> **Activity**: Find every line in the data that contains the word "infty". Return each of those lines.

> **Data listing**:
(* Define the relative prudence function $$p(x,t):=-\frac{x\,u_{xxx}(x,t)}{u_{xx}(x,t)},\qquad (x,t)\in(0,\infty)\times[0,\infty).$$ Then $p(x,t)>0$ for all $(x,t)$. Moreover: (i) If $\gamma<1$ and $\lim_{x\uparrow\infty}u_0'(x)/x^{\gamma-1}=1$, then for each $t_0\ge0$, $$\lim_{x\uparrow\infty}p(x,t_0)=2-\gamma.$$ (ii) Suppose $\gamma<1$, $\gamma\ne0$, and the following hold: for all $\gamma'\in(\gamma,1)$, $\lim_{x\uparrow\infty}u_0'(x)/x^{\gamma'-1}=0$, and for all $\gamma''<\gamma$, $\lim_{x\uparrow\infty}u_0'(x)/x^{\gamma''-1}=\infty$. Then for each $x_0>0$, $$\lim_{t\uparrow\infty}p(x_0,t)=\begin{cases}1+\frac1a, & a>0,\\ \infty, & a=0.\end{cases}$$
   Context: Let $\mu$ be a nonzero finite positive Borel measure on $(0,\infty)$ such that $\int y e^{yz}\mu(dy)<\infty$ for every $z\in\mathbb{R}$. Let $a:=\inf\{y\ge 0:\mu((0,y])>0\}$ be the left end point of its support. Define $h(z,t):=\int e^{yz-\frac12 y^2 t}\mu(dy)$ for $(z,t)\in\mathbb{R}\times[0,\infty)$. For each $t$, the map $z\mapsto h(z,t)$ is smooth and strictly increasing with range $(0,\infty)$, and $h_t+\frac12 h_{zz}=0$. Let $u:(0,\infty)\times[0,\infty)\to\mathbb{R}$ be smooth, strictly increasing and strictly concave in $x$, solving $u_t=\frac12 u_x^2/u_{xx}$, and related to $h$ by $u_x(h(z,t),t)=e^{-z+t/2}$ for all $(z,t)$. Write $u_0(x):=u(x,0)$. *)

theory Defs
  imports "HOL-Analysis.Analysis" "HOL-Probability.Probability"
begin

definition ux :: "(real \<Rightarrow> real \<Rightarrow> real) \<Rightarrow> real \<Rightarrow> real \<Rightarrow> real" where
  "ux u x t = deriv (\<lambda>y. u y t) x"

definition uxx :: "(real \<Rightarrow> real \<Rightarrow> real) \<Rightarrow> real \<Rightarrow> real \<Rightarrow> real" where
  "uxx u x t = deriv (\<lambda>y. ux u y t) x"

definition uxxx :: "(real \<Rightarrow> real \<Rightarrow> real) \<Rightarrow> real \<Rightarrow> real \<Rightarrow> real" where
  "uxxx u x t = deriv (\<lambda>y. uxx u y t) x"

definition ut :: "(real \<Rightarrow> real \<Rightarrow> real) \<Rightarrow> real \<Rightarrow> real \<Rightarrow> real" where
  "ut u x t = vector_derivative (\<lambda>s. u x s) (at t within {0..})"

text \<open>Smoothness (C-infinity) on (0,oo) x [0,oo): a family F i j of all mixed partial
  derivatives (i-th in x, j-th in t) exists, each jointly continuous.\<close>
definition smooth_quadrant :: "(real \<Rightarrow> real \<Rightarrow> real) \<Rightarrow> bool" where
  "smooth_quadrant u \<longleftrightarrow> (\<exists>F :: nat \<Rightarrow> nat \<Rightarrow> real \<Rightarrow> real \<Rightarrow> real. F 0 0 = u \<and>
     (\<forall>i j. \<forall>x>0. \<forall>t\<ge>0.
        ((\<lambda>y. F i j y t) has_real_derivative F (Suc i) j x t) (at x) \<and>
        ((\<lambda>s. F i j x s) has_real_derivative F i (Suc j) x t) (at t within {0..}) \<and>
        continuous (at (x, t) within ({0<..} \<times> {0..})) (\<lambda>(y, s). F i j y s)))"

definition strictly_concave_on :: "real set \<Rightarrow> (real \<Rightarrow> real) \<Rightarrow> bool" where
  "strictly_concave_on S f \<longleftrightarrow> (\<forall>x\<in>S. \<forall>y\<in>S. x \<noteq> y \<longrightarrow> (\<forall>\<theta>::real. 0 < \<theta> \<and> \<theta> < 1 \<longrightarrow>
      f ((1 - \<theta>) * x + \<theta> * y) > (1 - \<theta>) * f x + \<theta> * f y))"

definition prudence :: "(real \<Rightarrow> real \<Rightarrow> real) \<Rightarrow> real \<Rightarrow> real \<Rightarrow> real" where
  "prudence u x t = - (x * uxxx u x t / uxx u x t)"

end

theory Submission
  imports Defs
begin

text \<open>
  Write \<open>H k z t = \<integral> y\<^sup>k exp (y z - y\<^sup>2 t / 2) d\<mu>\<close>, the \<open>k\<close>-th \<open>z\<close>-derivative of \<open>h = H 0\<close>.
  Differentiating \<open>u\<^sub>x (h z t) t = exp (t / 2 - z)\<close> twice in \<open>z\<close> gives
  \<open>p (h z t) t = H 0 (H 1 + H 2) / H 1\<^sup>2\<close>, which is positive. In terms of the moments
  \<open>m\<^sub>k = H k / H 0\<close> of the probability measure proportional to \<open>exp (y z - y\<^sup>2 t / 2) \<mu>(dy)\<close>
  this reads \<open>p = (m\<^sub>1 + m\<^sub>2) / m\<^sub>1\<^sup>2\<close>, and both limits come from that measure concentrating
  at a single point \<open>c\<close>, where \<open>p \<rightarrow> 1 + 1 / c\<close>.

  (i) With \<open>b = 1 / (1 - \<gamma>)\<close> the hypothesis on \<open>u\<^sub>0'\<close> says \<open>h z 0 \<sim> exp (b z)\<close>. This forces
  \<open>\<mu>\<close> to live on \<open>(0, b]\<close> with an atom of mass one at \<open>b\<close>, so as \<open>x \<rightarrow> \<infinity>\<close> (that is,
  \<open>z \<rightarrow> \<infinity>\<close>) the measure concentrates at \<open>c = b\<close>, and \<open>1 + 1 / b = 2 - \<gamma>\<close>.

  (ii) For fixed \<open>x\<close>, the solution \<open>z\<close> of \<open>h z t = x\<close> eventually satisfies
  \<open>z \<le> (a + \<delta>) t\<close>, since otherwise the mass of \<open>\<mu>\<close> near \<open>a\<close> would make \<open>h z t\<close> huge.
  Then the exponents \<open>y \<ge> a + \<delta>\<close> lose a factor \<open>exp (- \<delta>\<^sup>2 t / 8)\<close> against those near \<open>a\<close>,
  and the measure concentrates at \<open>c = a\<close>; for \<open>a = 0\<close> this means \<open>m\<^sub>1 \<rightarrow> 0\<close> and \<open>p \<rightarrow> \<infinity>\<close>.
\<close>

section \<open>Differentiation under the integral sign\<close>

lemma difference_quotient_bound:
  fixes g g' :: "real \<Rightarrow> real"
  assumes der: "\<And>z. z \<in> ball z0 r \<Longrightarrow> (g has_real_derivative g' z) (at z) \<and> \<bar>g' z\<bar> \<le> B"
    and d: "d \<noteq> 0" "\<bar>d\<bar> < r"
  shows "\<bar>(g (z0 + d) - g z0) / d\<bar> \<le> B"
proof -
  have "norm (g (z0 + d) - g z0) \<le> B * norm (z0 + d - z0)"
  proof (rule field_differentiable_bound[of "ball z0 r" g g' B "z0 + d" z0])
    show "(g has_field_derivative g' z) (at z within ball z0 r)" if "z \<in> ball z0 r" for z
      using der[OF that] has_field_derivative_at_within by blast
    show "norm (g' z) \<le> B" if "z \<in> ball z0 r" for z
      unfolding real_norm_def using der[OF that] by blast
  qed (use d in \<open>auto simp: dist_real_def\<close>)
  then show ?thesis
    using d by (simp add: abs_divide pos_divide_le_eq)
qed

lemma has_real_derivative_integral:
  fixes M :: "'a measure" and f f' :: "'a \<Rightarrow> real \<Rightarrow> real" and w :: "'a \<Rightarrow> real"
  assumes r: "r > 0"
    and int: "\<And>z. integrable M (\<lambda>y. f y z)"
    and meas': "(\<lambda>y. f' y z0) \<in> borel_measurable M"
    and der: "AE y in M. \<forall>z\<in>ball z0 r. (f y has_real_derivative f' y z) (at z) \<and> \<bar>f' y z\<bar> \<le> w y"
    and intw: "integrable M w"
  shows "((\<lambda>z. \<integral>y. f y z \<partial>M) has_real_derivative (\<integral>y. f' y z0 \<partial>M)) (at z0)"
  unfolding DERIV_def tendsto_at_iff_sequentially comp_def
proof (intro allI impI)
  fix X :: "nat \<Rightarrow> real"
  assume X0: "\<forall>i. X i \<in> UNIV - {0}" and X: "X \<longlonglongrightarrow> 0"
  from X r obtain N where N: "\<And>n. n \<ge> N \<Longrightarrow> \<bar>X n\<bar> < r"
    unfolding LIMSEQ_iff by (metis real_norm_def diff_zero)
  define q where "q n y = (f y (z0 + X n) - f y z0) / X n" for n y
  have "(\<lambda>n. \<integral>y. q (n + N) y \<partial>M) \<longlonglongrightarrow> (\<integral>y. f' y z0 \<partial>M)"
  proof (rule integral_dominated_convergence[where w = w])
    show "\<And>n. (\<lambda>y. q (n + N) y) \<in> borel_measurable M"
      unfolding q_def using int by (intro borel_measurable_divide borel_measurable_diff) auto
    show "AE y in M. (\<lambda>n. q (n + N) y) \<longlonglongrightarrow> f' y z0"
      using der
    proof eventually_elim
      case (elim y)
      then have "(\<lambda>d. (f y (z0 + d) - f y z0) / d) \<midarrow>0\<rightarrow> f' y z0"
        using r DERIV_def by force
      then have "(\<lambda>n. q n y) \<longlonglongrightarrow> f' y z0"
        unfolding q_def tendsto_at_iff_sequentially comp_def using X0 X by blast
      then show ?case by (rule LIMSEQ_ignore_initial_segment)
    qed
    show "AE y in M. norm (q (n + N) y) \<le> w y" for n
      using der
    proof eventually_elim
      case (elim y)
      show ?case
        using difference_quotient_bound[of z0 r "f y" "f' y" "w y" "X (n + N)"] elim X0 N[of "n + N"]
        unfolding q_def by simp
    qed
  qed (fact meas' intw)+
  then have "(\<lambda>n. \<integral>y. q n y \<partial>M) \<longlonglongrightarrow> (\<integral>y. f' y z0 \<partial>M)"
    by (rule LIMSEQ_offset)
  moreover have "((\<integral>y. f y (z0 + X n) \<partial>M) - (\<integral>y. f y z0 \<partial>M)) / X n = (\<integral>y. q n y \<partial>M)" for n
    unfolding q_def using int by simp
  ultimately show "(\<lambda>n. ((\<integral>y. f y (z0 + X n) \<partial>M) - (\<integral>y. f y z0 \<partial>M)) / X n)
      \<longlonglongrightarrow> (\<integral>y. f' y z0 \<partial>M)"
    by simp
qed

> **Your solution**:
(* Define the relative prudence function $$p(x,t):=-\frac{x\,u_{xxx}(x,t)}{u_{xx}(x,t)},\qquad (x,t)\in(0,\infty)\times[0,\infty).$$ Then $p(x,t)>0$ for all $(x,t)$. Moreover: (i) If $\gamma<1$ and $\lim_{x\uparrow\infty}u_0'(x)/x^{\gamma-1}=1$, then for each $t_0\ge0$, $$\lim_{x\uparrow\infty}p(x,t_0)=2-\gamma.$$ (ii) Suppose $\gamma<1$, $\gamma\ne0$, and the following hold: for all $\gamma'\in(\gamma,1)$, $\lim_{x\uparrow\infty}u_0'(x)/x^{\gamma'-1}=0$, and for all $\gamma''<\gamma$, $\lim_{x\uparrow\infty}u_0'(x)/x^{\gamma''-1}=\infty$. Then for each $x_0>0$, $$\lim_{t\uparrow\infty}p(x_0,t)=\begin{cases}1+\frac1a, & a>0,\\ \infty, & a=0.\end{cases}$$
   Context: Let $\mu$ be a nonzero finite positive Borel measure on $(0,\infty)$ such that $\int y e^{yz}\mu(dy)<\infty$ for every $z\in\mathbb{R}$. Let $a:=\inf\{y\ge 0:\mu((0,y])>0\}$ be the left end point of its support. Define $h(z,t):=\int e^{yz-\frac12 y^2 t}\mu(dy)$ for $(z,t)\in\mathbb{R}\times[0,\infty)$. For each $t$, the map $z\mapsto h(z,t)$ is smooth and strictly increasing with range $(0,\infty)$, and $h_t+\frac12 h_{zz}=0$. Let $u:(0,\infty)\times[0,\infty)\to\mathbb{R}$ be smooth, strictly increasing and strictly concave in $x$, solving $u_t=\frac12 u_x^2/u_{xx}$, and related to $h$ by $u_x(h(z,t),t)=e^{-z+t/2}$ for all $(z,t)$. Write $u_0(x):=u(x,0)$. *)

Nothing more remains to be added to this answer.